A second example worth considering is the United States, perhaps the world’s most complex university admissions system. So much is written in the UK media about US admissions which misses this complexity, and to delve fully into it would need more space than this entire report would allow for. Here again, however, we see how the link between secondary school and the university experience is very strong.

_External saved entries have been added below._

lemma tendsto_of_eventually_le_plus:
  fixes a :: "nat \<Rightarrow> real"
  assumes P: "infinite P" and bounded: "\<And>p. p \<in> P \<Longrightarrow> lo \<le> a p \<and> a p \<le> hi"
    and le: "\<And>\<epsilon>. \<epsilon> > 0 \<Longrightarrow> \<forall>\<^sub>F p in sequentially. p \<in> P \<longrightarrow> (\<forall>\<^sub>F q in sequentially. a q \<le> a p + \<epsilon>)"
  shows "\<exists>L. (a \<longlongrightarrow> L) (inf sequentially (principal P))"
proof -
  define S where "S N = {p \<in> P. N \<le> p}" for N
  define m where "m N = Inf (a ` S N)" for N
  have S_ne: "S N \<noteq> {}" for N
    using P by (auto simp: S_def infinite_nat_iff_unbounded_le)
  have bdd: "bdd_below (a ` S N)" for N
    using bounded by (auto simp: S_def intro!: bdd_belowI[of _ lo])
  have m_le: "m N \<le> a p" if "p \<in> S N" for N p
    unfolding m_def using that bdd by (intro cInf_lower) auto
  have "m N \<le> hi" for N
    using S_ne[of N] m_le[of _ N] bounded by (force simp: S_def)
  then have bdd_m: "bdd_above (range m)"
    by (intro bdd_aboveI[of _ hi]) auto
  define L where "L = Sup (range m)"
  have "\<forall>\<^sub>F q in inf sequentially (principal P). dist (a q) L < e" if e: "e > 0" for e
  proof -
    obtain N1 where N1: "L - e < m N1"
      using less_cSUP_iff[OF _ bdd_m, of "L - e"] e by (auto simp: L_def)
    obtain P0 where P0: "\<And>p. p \<ge> P0 \<Longrightarrow> p \<in> P \<Longrightarrow> (\<forall>\<^sub>F q in sequentially. a q \<le> a p + e / 2)"
      using le[of "e / 2"] e by (auto simp: eventually_sequentially)
    have "m P0 < L + e / 2"
      using cSUP_upper[OF _ bdd_m, of P0] e by (simp add: L_def)
    then obtain p where p: "p \<in> S P0" "a p < L + e / 2"
      using cInf_lessD[of "a ` S P0"] S_ne by (force simp: m_def)
    then obtain Q where Q: "\<And>q. q \<ge> Q \<Longrightarrow> a q \<le> a p + e / 2"
      using P0[of p] by (auto simp: S_def eventually_sequentially)
    show ?thesis
      unfolding eventually_inf_principal eventually_sequentially
    proof (intro exI allI impI)
      fix q assume "max N1 Q \<le> q" "q \<in> P"
      then have "L - e < a q" "a q < L + e"
        using m_le[of q N1] N1 Q[of q] p(2) by (auto simp: S_def)
      then show "dist (a q) L < e"
        by (simp add: dist_real_def abs_less_iff)
    qed
  qed
  then show ?thesis
    by (auto simp: tendsto_iff)
qed

theorem theorem1:
  fixes v :: real
  assumes "0 < v" and "v \<le> 1"
  shows "\<exists>L. ((\<lambda>p. rho v p) \<longlongrightarrow> L) (inf sequentially (principal {p. prime p}))"
proof (rule tendsto_of_eventually_le_plus)
  show "infinite {p::nat. prime p}"
    by (rule primes_infinite)
  show "0 \<le> rho v p \<and> rho v p \<le> 1" if "p \<in> {p. prime p}" for p
    using that prime_gt_0_nat rho_nonneg rho_le_1 \<open>v \<le> 1\<close> by auto
  show "\<forall>\<^sub>F p in sequentially. p \<in> {p. prime p} \<longrightarrow> (\<forall>\<^sub>F q in sequentially. rho v q \<le> rho v p + \<epsilon>)"
    if "\<epsilon> > 0" for \<epsilon>
    using eventually_rho_le_rho_plus[OF \<open>v \<le> 1\<close> that] by simp
qed

end
lemma has_sum_int_even:
  fixes f :: "int \<Rightarrow> real"
  assumes even: "\<And>n. f (- n) = f n" and summable: "summable (\<lambda>k. \<bar>f (int k)\<bar>)"
  shows "(f has_sum (\<Sum>k. (if k = 0 then 1 else 2) * f (int k))) UNIV"
proof -
  have shift: "f (- int k - 1) = f (int (Suc k))" for k
  proof -
    have "- int k - 1 = - int (Suc k)"
      by simp
    then show ?thesis
      by (simp only: even)
  qed
  have summable_Suc: "summable (\<lambda>k. \<bar>f (int (Suc k))\<bar>)"
    using summable by (subst summable_Suc_iff)
  have tail: "summable (\<lambda>k. f (int (Suc k)))"
    using summable_Suc by (rule summable_rabs_cancel)
  have "summable (\<lambda>k. (if Suc k = 0 then 1 else 2) * f (int (Suc k)))"
    using summable_mult[OF tail, of 2] by simp
  then have "summable (\<lambda>k. (if k = 0 then 1 else 2) * f (int k))"
    by (rule summable_Suc_iff[THEN iffD1])
  from suminf_split_head[OF this]
  have "(\<Sum>k. (if k = 0 then 1 else 2) * f (int k)) = f 0 + (\<Sum>k. 2 * f (int (Suc k)))"
    by simp
  also have "\<dots> = f 0 + 2 * (\<Sum>k. f (int (Suc k)))"
    using suminf_mult[OF tail, of 2] by simp
  also have "\<dots> = (\<Sum>k. f (int k)) + (\<Sum>k. f (- int k - 1))"
    using suminf_split_head[OF summable_rabs_cancel[OF summable]] by (simp add: shift)
  finally show ?thesis
    using has_sum_int_split[of f] summable summable_Suc by (simp add: shift)
qed

lemma has_sum_int_reflect_half:
  fixes f :: "int \<Rightarrow> real"
  assumes reflect: "\<And>n. f (- n - 1) = f n" and summable: "summable (\<lambda>k. \<bar>f (int k)\<bar>)"
  shows "(f has_sum 2 * (\<Sum>k. f (int k))) UNIV"
  using has_sum_int_split[of f] summable by (simp add: reflect)

lemma exp_mult_of_nat: "exp (c * real n) = exp c ^ n"
  by (simp add: exp_of_nat_mult[symmetric] mult.commute)
lemma join_converse:
  assumes x: "x \<in> join \<Omega> \<T>"
  shows "x\<inverse> \<in> join \<Omega> \<T>"
proof -
  let ?E = "(join_rel \<T>)\<^sup>+"
  have swap: "(prod.swap p, prod.swap q) \<in> join_rel \<T>" if "(p, q) \<in> join_rel \<T>" for p q
  proof -
    obtain T t where T: "T \<in> \<T>" "t \<in> T" "p \<in> t" "q \<in> t"
      using \<open>(p, q) \<in> join_rel \<T>\<close> by (rule join_relE)
    have "t\<inverse> \<in> T" using cc.converse_basis[OF member_cc[OF T(1)] T(2)] .
    moreover have "prod.swap p \<in> t\<inverse>" using T(3) by (cases p) simp
    moreover have "prod.swap q \<in> t\<inverse>" using T(4) by (cases q) simp
    ultimately show ?thesis by (rule join_relI[OF T(1)])
  qed
  have swap_trancl: "(prod.swap p, prod.swap q) \<in> ?E" if "(p, q) \<in> ?E" for p q
    using trancl_map[where h = prod.swap, OF swap that] .
  obtain p where p: "p \<in> \<Omega> \<times> \<Omega>" "x = ?E `` {p}"
    using x unfolding join_def by (rule quotientE)
  have "x\<inverse> = ?E `` {prod.swap p}"
  proof (rule set_eqI)
    fix q :: "'a \<times> 'a"
    have "q \<in> x\<inverse> \<longleftrightarrow> (p, prod.swap q) \<in> ?E" using p(2) by (cases q) auto
    also have "\<dots> \<longleftrightarrow> (prod.swap p, q) \<in> ?E"
      using swap_trancl[of p "prod.swap q"] swap_trancl[of "prod.swap p" q] by auto
    finally show "q \<in> x\<inverse> \<longleftrightarrow> q \<in> ?E `` {prod.swap p}" by simp
  qed
  then show ?thesis using p(1) unfolding join_def by (auto intro: quotientI)
qed

text \<open>Intersection numbers of classes of the join agree on pairs identified by a member (by
  \<open>intersection_number_unions\<close>), hence along the transitive closure.\<close>
lemma join_intersection_number:
  assumes rs: "r \<in> join \<Omega> \<T>" "s \<in> join \<Omega> \<T>"
    and t: "t \<in> join \<Omega> \<T>" "(a, c) \<in> t" "(a', c') \<in> t"
  shows "card {b. (a, b) \<in> r \<and> (b, c) \<in> s} = card {b. (a', b) \<in> r \<and> (b, c') \<in> s}"
proof -
  let ?f = "\<lambda>p. card {b. (fst p, b) \<in> r \<and> (b, snd p) \<in> s}"
  have "?f p = ?f q" if "(p, q) \<in> join_rel \<T>" for p q
  proof -
    obtain T u where T: "T \<in> \<T>" "u \<in> T" "p \<in> u" "q \<in> u"
      using \<open>(p, q) \<in> join_rel \<T>\<close> by (rule join_relE)
    show ?thesis
      using cc.intersection_number_unions[OF member_cc[OF T(1)] join_refines[OF T(1) rs(1)]
        join_refines[OF T(1) rs(2)] T(2), of "fst p" "snd p" "fst q" "snd q"] T(3,4) by simp
  qed
  moreover have "((a, c), (a', c')) \<in> (join_rel \<T>)\<^sup>+"
    using quotient_eq_iff[OF join_equiv, of t t "(a, c)" "(a', c')"] t unfolding join_def by blast
  ultimately have "?f (a, c) = ?f (a', c')" by (rule trancl_invariant)
  then show ?thesis by simp
qed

The United States and UK university systems are sometimes described as like comparing apples to oranges, but it is more like an apple pie versus an Apple iPad – the same terminology – but a very different meaning. The big point that is often missed is that students applying to US universities are usually not applying to study just one subject: you are admitted to the university, not a course of study. Thus, the application is not about a candidate’s suitability to excel in Maths, or French, or Literature but in their ability to succeed in the academic and social culture of that university. Given this, universities cannot solely focus on achievement in external exams, academic interviews or entrance tests – a student admitted to major in History could graduate four years later with a degree in Physics with Greek. The US process – with three references required from school, multiple application essays specific to each university, SAT / ACT (in pre-pandemic times) to show a general level of ability and four years’ academic grades from high school – reflects the experience at university.
When we delve back into the US high school system, we can understand why this is so. The USA has no national curriculum. There are no two-year-long exam systems. Assessment for GPA (Grade Point Average) is highly varied, school to school and state to state. What a student graduating from a high school in New Jersey will have studied – and the level to which they studied it – could be very different from what a peer in Iowa studied. US admissions have to be holistic to take into account this variation. An often-overlooked part of US admissions is the role a High School Profile plays. The Profile is a document giving information and data about the school a student has attended – in many ways, it is the lens that the application is read though, providing context to everything else. So as in the Netherlands, the school system that students are applying from impacts the admissions process that has evolved.
When we start to look at international comparators, from Ireland to Japan, Germany to Hong Kong, it is all too easy to look solely at the admissions process detached from the cultures that created them. As we consider the future of UCAS, it is essential to accept that our method has evolved based on the very specialised nature of both our secondary and university curricula and the fact that performance in national, content-based exams is so embedded in our culture. With post qualification admissions, post qualification offers or something else on the horizon, it is important to look beyond the pure mechanics and instead focus on the educational culture that created our system which – to my eyes – is world-leading and in precious little need of change.